I'm using snakemake version 5.13.0 inside a fresh conda environment. I want to run snakemake inside a screen (I'm connecting to an RHPC). My pipeline works fine on the RHPC normally but not inside a screen. I'm using the github wrappers version 0.51.0. Some give an error immediately when the rule starts (fi cutadapt and bwa/samse), others work inside the screen (fi fastqc and bwa/aln). Error-message:
RuleException:
CalledProcessError in line 26 of <>/rules/fastq.smk:
Command 'source <>/anaconda3/bin/activate '<>/.snakemake/conda/adcaa278'; set -euo pipefail; python <>/.snakemake/scripts/tmp5lehgfn3.wrapper.py' returned non-zero exit status 1.
- The first line works: source /<>/anaconda3/bin/activate '/<>/.snakemake/conda/adcaa278'. It activates an environment.
- The second line gives no error: set -euo pipefail.
- With the third line: python <>/.snakemake/scripts/tmp5lehgfn3.wrapper.py'. My screen ends and cannot be resumed.

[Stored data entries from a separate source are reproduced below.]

lemma distortion_le:
  assumes "R \<noteq> {}"
    and "\<And>p q. p \<in> R \<Longrightarrow> q \<in> R \<Longrightarrow> \<bar>mdist X (fst p) (fst q) - mdist Y (snd p) (snd q)\<bar> \<le> c"
  shows "distortion X Y R \<le> c"
  unfolding distortion_def
proof (rule cSup_least)
  show "{\<bar>mdist X (fst p) (fst q) - mdist Y (snd p) (snd q)\<bar> | p q. p \<in> R \<and> q \<in> R} \<noteq> {}"
    using assms(1) by blast
qed (use assms(2) in blast)

lemma less_distortion_imp_pair:
  assumes "c < distortion X Y R" "R \<noteq> {}"
  obtains p q where "p \<in> R" "q \<in> R" "c < \<bar>mdist X (fst p) (fst q) - mdist Y (snd p) (snd q)\<bar>"
  by (meson assms distortion_le not_le that)

lemma distortion_converse: "distortion Y X (R\<inverse>) = distortion X Y R"
proof -
  have "{\<bar>mdist Y (fst p) (fst q) - mdist X (snd p) (snd q)\<bar> | p q. p \<in> R\<inverse> \<and> q \<in> R\<inverse>}
      = {\<bar>mdist X (fst p) (fst q) - mdist Y (snd p) (snd q)\<bar> | p q. p \<in> R \<and> q \<in> R}"
    by (force simp: abs_minus_commute)
  then show ?thesis unfolding distortion_def by simp
qed

context
  fixes X :: "'a metric" and Y :: "'b metric"
  assumes X: "bounded_ms X" and Y: "bounded_ms Y"
begin

lemma distortion_nonneg: "correspondence X Y R \<Longrightarrow> 0 \<le> distortion X Y R"
  using X Y correspondence_nonempty[of X Y R] mdist_diff_le_distortion[of X _ Y _ R]
  unfolding bounded_ms_def by fastforce

lemma distortions_nonempty: "{distortion X Y R | R. correspondence X Y R} \<noteq> {}"
  using X Y correspondence_Times[of X Y] unfolding bounded_ms_def by blast

lemma inf_distortion_le: "correspondence X Y R \<Longrightarrow> inf_distortion X Y \<le> distortion X Y R"
  unfolding inf_distortion_def
  by (rule cInf_lower) (auto intro: bdd_belowI distortion_nonneg)

lemma inf_distortion_nonneg: "0 \<le> inf_distortion X Y"
  unfolding inf_distortion_def
  using distortions_nonempty by (auto intro: cInf_greatest distortion_nonneg)

lemma inf_distortion_greatest:
  "(\<And>R. correspondence X Y R \<Longrightarrow> c \<le> distortion X Y R) \<Longrightarrow> c \<le> inf_distortion X Y"
  unfolding inf_distortion_def using distortions_nonempty by (auto intro: cInf_greatest)

lemma inf_distortion_approx:
  assumes "e > 0"
  obtains R where "correspondence X Y R" "distortion X Y R < inf_distortion X Y + e"
proof -
  have "Inf {distortion X Y R | R. correspondence X Y R} < inf_distortion X Y + e"
    using assms by (simp add: inf_distortion_def)
  then show ?thesis using cInf_lessD[OF distortions_nonempty] that by blast
qed

end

With the cutadapt wrapper. I'm getting also this error:
Traceback (most recent call last):
File "/<>/.snakemake/scripts/tmpwzmtyh5y.wrapper.py", line 3, in <module>
emake-wrappers/raw/0.51.0/bio/cutadapt/seq\xe3ub.'); from snakemake.logging import logger; logger.printshellcmds = False; __real_file__ = __file__; __file__ = '/<>/https:/github.com/snakemake/snakemake-wrappers/raw/0.51.0/bio/cutadapt/se/wrapper.py';
File "/<>/.linuxbrew/Cellar/python/2.7.11/lib/python2.7/pickle.py", line 1388, in loads
return Unpickler(file).load()
File "/<>/.linuxbrew/Cellar/python/2.7.11/lib/python2.7/pickle.py", line 864, in load
dispatch[key](self)
File "/<>/.linuxbrew/Cellar/python/2.7.11/lib/python2.7/pickle.py", line 892, in load_proto
raise ValueError, "unsupported pickle protocol: %d" % proto
ValueError: unsupported pickle protocol: 3
My colleague helped me out. It turns out I have a different $PATH inside my screen than outside my screen. Inside my screen it called my linuxbrew python instead of my conda python while outside my screen the order in my $PATH is the other way around.